■ Provided records ■
++++++

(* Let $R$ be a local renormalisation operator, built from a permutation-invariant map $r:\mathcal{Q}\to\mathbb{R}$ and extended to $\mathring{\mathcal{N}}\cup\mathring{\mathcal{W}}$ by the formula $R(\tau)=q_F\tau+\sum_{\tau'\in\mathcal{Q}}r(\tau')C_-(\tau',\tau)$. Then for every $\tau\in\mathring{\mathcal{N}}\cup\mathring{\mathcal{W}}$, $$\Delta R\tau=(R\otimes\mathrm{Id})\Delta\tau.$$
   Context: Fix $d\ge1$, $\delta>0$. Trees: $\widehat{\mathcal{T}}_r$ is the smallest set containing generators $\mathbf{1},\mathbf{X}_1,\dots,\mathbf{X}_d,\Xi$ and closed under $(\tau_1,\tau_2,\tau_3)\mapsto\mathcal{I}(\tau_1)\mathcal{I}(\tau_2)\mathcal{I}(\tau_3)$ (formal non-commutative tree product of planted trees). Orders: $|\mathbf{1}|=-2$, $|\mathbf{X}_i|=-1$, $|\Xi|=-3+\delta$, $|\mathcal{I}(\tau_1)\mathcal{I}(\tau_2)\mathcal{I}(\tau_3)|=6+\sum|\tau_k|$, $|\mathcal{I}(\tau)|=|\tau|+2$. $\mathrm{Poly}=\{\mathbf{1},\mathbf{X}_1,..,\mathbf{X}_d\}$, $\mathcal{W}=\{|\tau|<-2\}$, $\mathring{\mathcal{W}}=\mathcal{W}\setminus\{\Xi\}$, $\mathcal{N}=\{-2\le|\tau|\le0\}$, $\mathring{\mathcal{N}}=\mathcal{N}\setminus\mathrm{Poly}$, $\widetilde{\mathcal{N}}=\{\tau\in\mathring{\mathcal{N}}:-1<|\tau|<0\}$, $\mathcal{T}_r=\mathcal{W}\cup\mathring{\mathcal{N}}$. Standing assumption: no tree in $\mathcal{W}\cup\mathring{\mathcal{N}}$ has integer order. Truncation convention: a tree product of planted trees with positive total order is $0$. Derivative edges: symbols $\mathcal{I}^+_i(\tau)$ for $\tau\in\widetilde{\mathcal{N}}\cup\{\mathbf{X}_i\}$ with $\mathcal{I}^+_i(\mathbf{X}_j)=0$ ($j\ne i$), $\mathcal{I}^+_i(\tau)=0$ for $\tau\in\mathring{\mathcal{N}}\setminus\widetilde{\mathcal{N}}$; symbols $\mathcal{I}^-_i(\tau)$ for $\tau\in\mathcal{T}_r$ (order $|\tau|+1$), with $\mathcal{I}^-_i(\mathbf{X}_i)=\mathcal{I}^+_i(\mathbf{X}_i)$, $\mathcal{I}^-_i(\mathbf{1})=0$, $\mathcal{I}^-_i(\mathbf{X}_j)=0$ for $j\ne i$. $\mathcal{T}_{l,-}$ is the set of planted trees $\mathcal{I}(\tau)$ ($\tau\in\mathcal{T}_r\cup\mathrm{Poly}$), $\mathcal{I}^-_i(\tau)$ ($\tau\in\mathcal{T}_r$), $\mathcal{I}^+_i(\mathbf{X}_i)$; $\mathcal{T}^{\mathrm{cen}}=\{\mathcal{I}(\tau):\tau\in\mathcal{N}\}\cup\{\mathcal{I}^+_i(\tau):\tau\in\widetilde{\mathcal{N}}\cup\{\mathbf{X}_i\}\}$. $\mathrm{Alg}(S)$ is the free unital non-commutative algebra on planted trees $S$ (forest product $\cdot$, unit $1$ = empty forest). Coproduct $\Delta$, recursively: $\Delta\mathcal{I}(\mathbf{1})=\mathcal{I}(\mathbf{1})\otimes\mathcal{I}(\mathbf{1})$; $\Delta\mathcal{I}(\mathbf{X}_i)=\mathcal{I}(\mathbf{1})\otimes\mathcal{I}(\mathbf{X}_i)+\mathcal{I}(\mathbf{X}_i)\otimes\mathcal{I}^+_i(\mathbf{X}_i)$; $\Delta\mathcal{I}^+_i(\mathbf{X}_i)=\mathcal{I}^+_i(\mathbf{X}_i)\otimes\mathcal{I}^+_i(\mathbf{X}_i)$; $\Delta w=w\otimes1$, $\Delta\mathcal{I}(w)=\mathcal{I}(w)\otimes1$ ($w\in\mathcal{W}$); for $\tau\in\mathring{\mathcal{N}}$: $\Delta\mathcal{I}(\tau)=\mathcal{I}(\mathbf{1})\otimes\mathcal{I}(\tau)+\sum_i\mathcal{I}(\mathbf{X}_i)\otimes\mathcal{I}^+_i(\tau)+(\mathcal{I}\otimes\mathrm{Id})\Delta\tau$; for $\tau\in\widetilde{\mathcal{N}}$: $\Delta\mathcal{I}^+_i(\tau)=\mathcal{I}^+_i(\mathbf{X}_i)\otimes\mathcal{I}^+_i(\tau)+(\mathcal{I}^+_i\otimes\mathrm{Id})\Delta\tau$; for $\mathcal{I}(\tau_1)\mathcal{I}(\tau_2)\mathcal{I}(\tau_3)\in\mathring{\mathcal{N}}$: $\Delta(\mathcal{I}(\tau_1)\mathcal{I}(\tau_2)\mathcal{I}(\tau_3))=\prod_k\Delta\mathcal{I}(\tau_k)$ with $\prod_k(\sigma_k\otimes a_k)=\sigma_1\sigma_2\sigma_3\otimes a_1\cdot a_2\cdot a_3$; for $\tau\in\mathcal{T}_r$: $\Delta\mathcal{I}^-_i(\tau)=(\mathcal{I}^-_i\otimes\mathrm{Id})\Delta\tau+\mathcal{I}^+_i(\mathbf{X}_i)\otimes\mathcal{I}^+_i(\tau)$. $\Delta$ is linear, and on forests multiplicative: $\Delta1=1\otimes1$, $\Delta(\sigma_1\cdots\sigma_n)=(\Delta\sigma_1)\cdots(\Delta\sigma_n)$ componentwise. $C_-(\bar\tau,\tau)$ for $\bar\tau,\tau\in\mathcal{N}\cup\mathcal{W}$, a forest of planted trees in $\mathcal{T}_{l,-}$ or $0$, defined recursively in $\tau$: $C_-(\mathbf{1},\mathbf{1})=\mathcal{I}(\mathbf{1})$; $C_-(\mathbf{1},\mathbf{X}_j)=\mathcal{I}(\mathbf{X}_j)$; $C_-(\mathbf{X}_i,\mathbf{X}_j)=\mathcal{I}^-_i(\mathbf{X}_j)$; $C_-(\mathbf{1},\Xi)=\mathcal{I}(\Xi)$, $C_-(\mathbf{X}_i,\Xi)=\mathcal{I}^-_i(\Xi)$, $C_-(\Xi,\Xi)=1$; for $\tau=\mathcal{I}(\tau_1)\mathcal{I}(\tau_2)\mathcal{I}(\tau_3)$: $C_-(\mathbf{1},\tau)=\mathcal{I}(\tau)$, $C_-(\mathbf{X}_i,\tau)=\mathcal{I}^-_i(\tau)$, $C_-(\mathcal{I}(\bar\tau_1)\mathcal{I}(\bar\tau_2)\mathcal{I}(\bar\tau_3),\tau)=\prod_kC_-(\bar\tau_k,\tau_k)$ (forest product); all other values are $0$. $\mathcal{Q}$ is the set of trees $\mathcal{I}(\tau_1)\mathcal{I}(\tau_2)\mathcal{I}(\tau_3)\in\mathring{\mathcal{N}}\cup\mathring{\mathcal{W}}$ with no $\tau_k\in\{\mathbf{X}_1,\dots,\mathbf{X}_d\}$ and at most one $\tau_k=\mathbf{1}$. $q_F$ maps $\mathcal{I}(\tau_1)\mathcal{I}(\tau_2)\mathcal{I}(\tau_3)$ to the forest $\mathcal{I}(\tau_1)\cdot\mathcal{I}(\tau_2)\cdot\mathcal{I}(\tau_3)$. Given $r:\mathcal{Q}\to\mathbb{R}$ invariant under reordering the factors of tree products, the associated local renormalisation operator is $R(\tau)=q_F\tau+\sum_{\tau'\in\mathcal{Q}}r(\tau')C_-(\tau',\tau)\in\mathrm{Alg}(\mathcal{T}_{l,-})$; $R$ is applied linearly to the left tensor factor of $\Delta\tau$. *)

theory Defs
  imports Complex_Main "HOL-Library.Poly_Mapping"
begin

++++++

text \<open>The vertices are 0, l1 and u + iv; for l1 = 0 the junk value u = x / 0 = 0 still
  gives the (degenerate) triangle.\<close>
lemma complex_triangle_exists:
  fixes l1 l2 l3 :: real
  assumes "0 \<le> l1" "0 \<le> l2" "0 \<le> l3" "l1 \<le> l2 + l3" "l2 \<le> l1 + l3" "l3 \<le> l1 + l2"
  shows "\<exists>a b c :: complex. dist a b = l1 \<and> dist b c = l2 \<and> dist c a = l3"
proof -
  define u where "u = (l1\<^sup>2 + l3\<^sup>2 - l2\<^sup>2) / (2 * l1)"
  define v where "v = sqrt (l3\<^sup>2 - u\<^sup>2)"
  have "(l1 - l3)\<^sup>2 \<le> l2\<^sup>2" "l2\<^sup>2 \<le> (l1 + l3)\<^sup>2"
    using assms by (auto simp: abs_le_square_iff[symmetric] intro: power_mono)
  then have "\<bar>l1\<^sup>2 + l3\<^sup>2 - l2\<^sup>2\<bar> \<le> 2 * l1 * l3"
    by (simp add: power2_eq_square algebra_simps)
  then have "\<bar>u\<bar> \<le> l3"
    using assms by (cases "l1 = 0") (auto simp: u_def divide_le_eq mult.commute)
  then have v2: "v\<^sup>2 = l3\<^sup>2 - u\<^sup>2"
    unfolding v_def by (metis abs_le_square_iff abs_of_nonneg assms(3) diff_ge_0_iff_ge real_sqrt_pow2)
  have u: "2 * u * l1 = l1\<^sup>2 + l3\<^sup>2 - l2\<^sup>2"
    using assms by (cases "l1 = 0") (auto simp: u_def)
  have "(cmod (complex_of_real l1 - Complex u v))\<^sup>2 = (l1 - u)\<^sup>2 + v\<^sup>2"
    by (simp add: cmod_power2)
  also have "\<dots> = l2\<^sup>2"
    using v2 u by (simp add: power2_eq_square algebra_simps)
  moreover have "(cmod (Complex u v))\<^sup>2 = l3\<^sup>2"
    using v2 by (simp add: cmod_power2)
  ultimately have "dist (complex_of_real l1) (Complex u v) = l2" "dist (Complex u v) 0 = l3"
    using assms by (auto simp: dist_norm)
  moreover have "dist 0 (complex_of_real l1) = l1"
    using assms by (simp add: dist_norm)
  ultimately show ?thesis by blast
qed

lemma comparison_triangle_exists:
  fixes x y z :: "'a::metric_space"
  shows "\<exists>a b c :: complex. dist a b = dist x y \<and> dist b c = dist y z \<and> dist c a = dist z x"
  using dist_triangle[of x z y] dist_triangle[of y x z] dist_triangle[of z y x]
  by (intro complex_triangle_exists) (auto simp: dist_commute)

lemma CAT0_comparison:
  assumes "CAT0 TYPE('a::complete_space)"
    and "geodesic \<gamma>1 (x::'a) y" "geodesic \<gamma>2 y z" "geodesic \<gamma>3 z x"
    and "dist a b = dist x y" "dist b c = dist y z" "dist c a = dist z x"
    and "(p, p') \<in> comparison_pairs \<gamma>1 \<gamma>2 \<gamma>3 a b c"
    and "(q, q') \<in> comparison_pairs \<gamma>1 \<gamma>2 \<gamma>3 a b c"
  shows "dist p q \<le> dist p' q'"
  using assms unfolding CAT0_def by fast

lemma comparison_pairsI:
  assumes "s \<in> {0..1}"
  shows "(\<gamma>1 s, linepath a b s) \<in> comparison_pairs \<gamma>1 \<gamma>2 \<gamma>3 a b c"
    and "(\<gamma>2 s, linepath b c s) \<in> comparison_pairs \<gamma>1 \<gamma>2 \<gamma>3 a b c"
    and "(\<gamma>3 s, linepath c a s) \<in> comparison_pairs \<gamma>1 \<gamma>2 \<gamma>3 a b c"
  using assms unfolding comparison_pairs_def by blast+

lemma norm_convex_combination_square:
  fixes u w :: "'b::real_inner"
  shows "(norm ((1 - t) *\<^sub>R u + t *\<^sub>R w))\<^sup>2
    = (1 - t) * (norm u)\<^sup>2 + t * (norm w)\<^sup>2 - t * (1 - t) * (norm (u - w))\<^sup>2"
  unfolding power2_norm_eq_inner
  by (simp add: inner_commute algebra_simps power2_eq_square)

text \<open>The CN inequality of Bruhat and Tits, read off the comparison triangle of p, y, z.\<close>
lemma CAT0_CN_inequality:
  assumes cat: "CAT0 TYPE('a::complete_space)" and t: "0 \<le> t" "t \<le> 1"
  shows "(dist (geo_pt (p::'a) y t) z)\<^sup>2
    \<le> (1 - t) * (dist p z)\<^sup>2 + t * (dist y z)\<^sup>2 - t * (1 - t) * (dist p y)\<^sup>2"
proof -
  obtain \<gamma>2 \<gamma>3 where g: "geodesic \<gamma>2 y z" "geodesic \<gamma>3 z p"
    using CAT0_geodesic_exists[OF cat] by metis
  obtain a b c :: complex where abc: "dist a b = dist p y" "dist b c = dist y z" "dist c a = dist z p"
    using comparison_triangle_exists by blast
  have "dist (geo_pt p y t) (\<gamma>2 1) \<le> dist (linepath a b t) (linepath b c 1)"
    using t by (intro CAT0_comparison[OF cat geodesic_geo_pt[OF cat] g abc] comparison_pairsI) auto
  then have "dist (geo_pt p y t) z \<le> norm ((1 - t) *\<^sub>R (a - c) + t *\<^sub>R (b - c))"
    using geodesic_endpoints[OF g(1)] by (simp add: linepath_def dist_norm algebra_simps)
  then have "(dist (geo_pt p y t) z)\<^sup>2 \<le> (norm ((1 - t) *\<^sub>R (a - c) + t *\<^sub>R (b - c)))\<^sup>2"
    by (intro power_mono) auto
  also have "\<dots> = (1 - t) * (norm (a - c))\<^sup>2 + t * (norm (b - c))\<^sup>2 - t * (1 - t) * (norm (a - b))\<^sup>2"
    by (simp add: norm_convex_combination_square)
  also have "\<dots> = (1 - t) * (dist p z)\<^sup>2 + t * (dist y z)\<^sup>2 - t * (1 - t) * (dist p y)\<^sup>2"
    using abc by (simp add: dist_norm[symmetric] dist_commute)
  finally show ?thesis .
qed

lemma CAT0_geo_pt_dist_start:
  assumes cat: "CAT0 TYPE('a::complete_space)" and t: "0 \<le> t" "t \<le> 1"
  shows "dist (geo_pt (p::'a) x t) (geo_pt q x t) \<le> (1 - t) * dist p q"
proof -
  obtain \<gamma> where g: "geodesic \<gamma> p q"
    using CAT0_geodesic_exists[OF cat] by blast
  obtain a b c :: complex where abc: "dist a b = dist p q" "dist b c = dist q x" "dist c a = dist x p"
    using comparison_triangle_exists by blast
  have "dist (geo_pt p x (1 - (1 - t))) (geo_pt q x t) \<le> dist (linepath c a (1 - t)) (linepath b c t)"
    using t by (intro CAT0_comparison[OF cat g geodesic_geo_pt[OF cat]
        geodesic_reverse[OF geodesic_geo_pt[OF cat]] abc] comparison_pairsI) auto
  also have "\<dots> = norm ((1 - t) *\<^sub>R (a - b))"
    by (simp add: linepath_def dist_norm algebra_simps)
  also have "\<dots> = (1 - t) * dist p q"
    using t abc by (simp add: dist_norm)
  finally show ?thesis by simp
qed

++++++

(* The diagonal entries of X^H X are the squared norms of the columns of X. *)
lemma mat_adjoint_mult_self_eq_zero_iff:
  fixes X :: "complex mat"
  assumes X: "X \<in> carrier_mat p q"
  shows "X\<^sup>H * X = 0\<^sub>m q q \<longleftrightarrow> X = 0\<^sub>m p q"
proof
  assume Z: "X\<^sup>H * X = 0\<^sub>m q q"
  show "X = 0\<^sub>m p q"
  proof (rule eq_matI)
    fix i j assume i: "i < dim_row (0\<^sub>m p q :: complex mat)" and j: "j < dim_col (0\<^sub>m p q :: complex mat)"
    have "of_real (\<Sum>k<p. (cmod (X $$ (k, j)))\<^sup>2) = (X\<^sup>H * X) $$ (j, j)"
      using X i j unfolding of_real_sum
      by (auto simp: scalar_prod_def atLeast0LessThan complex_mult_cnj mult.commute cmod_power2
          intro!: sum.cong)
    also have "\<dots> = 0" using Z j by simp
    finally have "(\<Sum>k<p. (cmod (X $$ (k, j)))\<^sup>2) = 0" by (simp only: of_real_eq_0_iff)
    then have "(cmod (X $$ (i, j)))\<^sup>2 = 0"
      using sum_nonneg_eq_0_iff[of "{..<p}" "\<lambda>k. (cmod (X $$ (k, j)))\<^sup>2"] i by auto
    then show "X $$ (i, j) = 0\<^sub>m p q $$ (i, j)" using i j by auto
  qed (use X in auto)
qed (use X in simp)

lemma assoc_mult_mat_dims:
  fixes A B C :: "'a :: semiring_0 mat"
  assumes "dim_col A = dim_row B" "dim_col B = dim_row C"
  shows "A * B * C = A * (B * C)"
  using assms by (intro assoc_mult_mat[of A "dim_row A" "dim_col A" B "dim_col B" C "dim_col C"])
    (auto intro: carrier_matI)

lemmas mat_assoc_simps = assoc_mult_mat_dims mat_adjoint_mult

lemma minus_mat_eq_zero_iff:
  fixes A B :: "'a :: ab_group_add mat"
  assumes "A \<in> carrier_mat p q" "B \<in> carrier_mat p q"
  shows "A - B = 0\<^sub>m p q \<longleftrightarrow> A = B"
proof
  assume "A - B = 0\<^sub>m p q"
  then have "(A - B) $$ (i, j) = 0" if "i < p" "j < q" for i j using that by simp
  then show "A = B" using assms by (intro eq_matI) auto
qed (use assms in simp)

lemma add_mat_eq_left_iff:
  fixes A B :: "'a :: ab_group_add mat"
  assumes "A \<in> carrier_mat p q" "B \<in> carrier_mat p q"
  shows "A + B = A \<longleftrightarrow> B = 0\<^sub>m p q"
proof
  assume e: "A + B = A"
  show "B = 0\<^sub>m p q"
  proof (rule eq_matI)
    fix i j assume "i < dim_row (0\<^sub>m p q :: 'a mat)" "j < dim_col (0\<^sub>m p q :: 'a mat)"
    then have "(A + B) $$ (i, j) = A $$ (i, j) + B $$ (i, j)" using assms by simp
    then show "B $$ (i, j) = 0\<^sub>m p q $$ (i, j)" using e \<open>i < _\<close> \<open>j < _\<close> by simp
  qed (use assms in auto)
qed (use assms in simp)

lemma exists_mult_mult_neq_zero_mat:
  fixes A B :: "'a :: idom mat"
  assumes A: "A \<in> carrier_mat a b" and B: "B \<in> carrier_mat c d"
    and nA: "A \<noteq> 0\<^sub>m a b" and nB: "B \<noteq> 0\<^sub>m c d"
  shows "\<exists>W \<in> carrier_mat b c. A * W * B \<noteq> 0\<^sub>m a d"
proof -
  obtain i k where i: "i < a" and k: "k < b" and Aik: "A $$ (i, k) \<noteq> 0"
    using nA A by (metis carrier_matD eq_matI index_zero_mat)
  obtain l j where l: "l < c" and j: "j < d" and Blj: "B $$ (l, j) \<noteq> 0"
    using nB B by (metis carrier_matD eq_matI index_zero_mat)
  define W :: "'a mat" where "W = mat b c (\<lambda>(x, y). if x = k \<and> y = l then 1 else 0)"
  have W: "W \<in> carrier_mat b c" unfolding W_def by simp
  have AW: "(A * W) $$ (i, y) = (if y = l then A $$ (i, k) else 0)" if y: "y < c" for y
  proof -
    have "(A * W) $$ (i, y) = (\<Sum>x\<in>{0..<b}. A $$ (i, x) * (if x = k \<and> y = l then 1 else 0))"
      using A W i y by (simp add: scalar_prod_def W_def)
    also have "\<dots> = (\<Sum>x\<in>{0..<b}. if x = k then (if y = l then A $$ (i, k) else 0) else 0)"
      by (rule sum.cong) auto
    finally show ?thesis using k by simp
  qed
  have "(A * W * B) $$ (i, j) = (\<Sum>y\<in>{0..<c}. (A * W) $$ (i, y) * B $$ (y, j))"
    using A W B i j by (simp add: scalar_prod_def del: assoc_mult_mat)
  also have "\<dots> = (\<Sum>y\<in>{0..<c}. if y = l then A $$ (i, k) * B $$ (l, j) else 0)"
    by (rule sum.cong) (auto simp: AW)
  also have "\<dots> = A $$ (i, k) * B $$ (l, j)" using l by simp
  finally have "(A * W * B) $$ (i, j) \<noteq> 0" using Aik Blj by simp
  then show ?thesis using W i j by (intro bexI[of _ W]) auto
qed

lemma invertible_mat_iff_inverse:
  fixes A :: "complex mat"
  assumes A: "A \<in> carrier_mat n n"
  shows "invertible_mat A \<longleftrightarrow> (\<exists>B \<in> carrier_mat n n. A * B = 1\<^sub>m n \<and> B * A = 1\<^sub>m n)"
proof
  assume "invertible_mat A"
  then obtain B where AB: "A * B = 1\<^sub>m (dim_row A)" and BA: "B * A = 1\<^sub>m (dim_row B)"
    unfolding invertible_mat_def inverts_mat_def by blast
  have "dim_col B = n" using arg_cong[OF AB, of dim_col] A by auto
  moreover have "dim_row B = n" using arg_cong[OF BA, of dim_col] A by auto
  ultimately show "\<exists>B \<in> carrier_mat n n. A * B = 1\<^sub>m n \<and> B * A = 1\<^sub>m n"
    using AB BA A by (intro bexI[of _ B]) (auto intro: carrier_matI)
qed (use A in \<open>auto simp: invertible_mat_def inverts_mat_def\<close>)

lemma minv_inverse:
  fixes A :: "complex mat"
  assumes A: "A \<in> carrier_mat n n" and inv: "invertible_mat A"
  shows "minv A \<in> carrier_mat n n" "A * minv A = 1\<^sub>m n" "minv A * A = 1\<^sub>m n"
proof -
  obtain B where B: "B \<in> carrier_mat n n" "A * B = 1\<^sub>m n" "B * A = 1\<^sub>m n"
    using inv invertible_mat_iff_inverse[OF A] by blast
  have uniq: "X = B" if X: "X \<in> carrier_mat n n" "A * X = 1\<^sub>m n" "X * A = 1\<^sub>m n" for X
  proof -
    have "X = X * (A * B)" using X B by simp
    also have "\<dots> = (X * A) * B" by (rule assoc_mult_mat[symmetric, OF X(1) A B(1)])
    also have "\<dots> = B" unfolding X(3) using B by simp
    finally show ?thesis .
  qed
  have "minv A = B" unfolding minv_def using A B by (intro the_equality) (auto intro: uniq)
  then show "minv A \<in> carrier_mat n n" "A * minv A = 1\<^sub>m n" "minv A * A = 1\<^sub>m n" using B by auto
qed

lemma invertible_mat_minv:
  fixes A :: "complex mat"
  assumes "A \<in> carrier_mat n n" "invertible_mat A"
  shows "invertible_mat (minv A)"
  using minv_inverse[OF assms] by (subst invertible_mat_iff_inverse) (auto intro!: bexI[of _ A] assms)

++++++

■ Exercise ■
Where a line of the data holds the word "thesis", copy that line.

■ Exercise result ■
  ultimately show ?thesis by blast
  finally show ?thesis .
  finally show ?thesis by simp
    finally show ?thesis using k by simp
  then show ?thesis using W i j by (intro bexI[of _ W]) auto
    finally show ?thesis .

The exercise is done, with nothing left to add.